On Sat, Dec 14, 2013 at 05:26:01AM +0000, Viktor Dukhovni wrote:
> On Sat, Dec 14, 2013 at 12:04:15AM -0500, John Allen wrote:
> > > The main difficulty with server-side DANE is that your zone 
> > > must be DNSSEC signed.  Deployment of DNSSEC is still fairly 
> > > thin. With a bit of luck DANE might motivate folks to consider 
> > > DNSSEC.
> >
> > My interest in TLSA was sparked by my looking for info when 
> > setting up my DNS with DNSSEC (still a work in progress).  It 
> > seemed to provide a better level of security than the current 
> > standard practice.
> 
> The trick is to find tools that make operating a DNSSEC zone
> relatively painless.  You get security, but it easier to mess
> up leaving the zone with stale signatures and thus essentially
> invisible to all DNSSEC-aware clients.  By all means deploy
> DNSSEC, but carefully.

Perhaps I am biased, but I use and recommend ISC BIND 9.9. The 
"auto-dnssec maintain;" zone option does most of the work. Used 
together with "update-policy local;" you get a simple means of 
updating your zone data with nsupdate(8).

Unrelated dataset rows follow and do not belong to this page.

text \<open>Points are x :: nat => real with coordinates x 1, ..., x d.
  hat i x = (x_1,...,x_i, sqrt(1 - ||x_{1:i}||^2)), as a function on indices 1..i+1.\<close>
definition hat :: "nat \<Rightarrow> (nat \<Rightarrow> real) \<Rightarrow> nat \<Rightarrow> real" where
  "hat i x k = (if k \<le> i then x k else sqrt (1 - (\<Sum>l=1..i. (x l)^2)))"

text \<open>Parameters (offsets): (w, b) with w i r k (k = 1..i+1) and b i r.\<close>
type_synonym params = "(nat \<Rightarrow> nat \<Rightarrow> nat \<Rightarrow> real) \<times> (nat \<Rightarrow> nat \<Rightarrow> real)"

definition preact :: "nat \<Rightarrow> (coord \<Rightarrow> real) \<Rightarrow> params \<Rightarrow> nat \<Rightarrow> nat \<Rightarrow> (nat \<Rightarrow> real) \<Rightarrow> real" where
  "preact m \<omega> \<theta> i r x =
     (\<Sum>k=1..i+1. (\<omega> (W i r k) + fst \<theta> i r k) * hat i x k) + \<omega> (B i r) + snd \<theta> i r"

definition Nnet :: "nat \<Rightarrow> (coord \<Rightarrow> real) \<Rightarrow> params \<Rightarrow> nat \<Rightarrow> (nat \<Rightarrow> real) \<Rightarrow> real" where
  "Nnet m \<omega> \<theta> i x = (\<Sum>r=1..m. \<omega> (A i r) * relu (preact m \<omega> \<theta> i r x))"

definition Delta :: "nat \<Rightarrow> nat \<Rightarrow> (nat \<Rightarrow> real) \<Rightarrow> real" where
  "Delta Q i x = (x i + 1) / real Q"

definition qnode :: "nat \<Rightarrow> nat \<Rightarrow> (nat \<Rightarrow> real) \<Rightarrow> nat \<Rightarrow> nat \<Rightarrow> real" where
  "qnode Q i x j = x(i := -1 + real j * Delta Q i x)"

definition Ltilde :: "nat \<Rightarrow> nat \<Rightarrow> nat \<Rightarrow> (coord \<Rightarrow> real) \<Rightarrow> params \<Rightarrow> (nat \<Rightarrow> real) \<Rightarrow> real" where
  "Ltilde d m Q \<omega> \<theta> x =
     (\<Sum>i=1..d. (\<Sum>j=1..Q. Delta Q i x * phi (Nnet m \<omega> \<theta> i (qnode Q i x j)))
                - ln (phi (Nnet m \<omega> \<theta> i x)))"

text \<open>Its gradient with respect to w_{i,r,k} and b_{i,r}, computed by the chain rule with the
  conventions sigma'(u) = 1{u >= 0} and phi' as above (only the i-th summand depends on theta_i).\<close>
definition grad_w :: "nat \<Rightarrow> nat \<Rightarrow> (coord \<Rightarrow> real) \<Rightarrow> params \<Rightarrow> (nat \<Rightarrow> real) \<Rightarrow> nat \<Rightarrow> nat \<Rightarrow> nat \<Rightarrow> real" where
  "grad_w m Q \<omega> \<theta> x i r k =
     (\<Sum>j=1..Q. Delta Q i x * phi' (Nnet m \<omega> \<theta> i (qnode Q i x j)) * \<omega> (A i r)
                 * relu' (preact m \<omega> \<theta> i r (qnode Q i x j)) * hat i (qnode Q i x j) k)
     - phi' (Nnet m \<omega> \<theta> i x) / phi (Nnet m \<omega> \<theta> i x) * \<omega> (A i r)
                 * relu' (preact m \<omega> \<theta> i r x) * hat i x k"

Another choice with 9.9 is inline signing, whereby zone files are 
maintained as before, and the signing takes place "inline". These 
features and others are all documented in the BIND 9 ARM:

ftp://ftp.isc.org/isc/bind9/9.9.4-P1/doc/arm/Bv9ARM.ch04.html#dnssec.dynamic.zones

Each of BIND 9.7, 9.8, and 9.9 had new features which slightly 
reduced the pain of DNSSEC. 9.10 won't be an exception.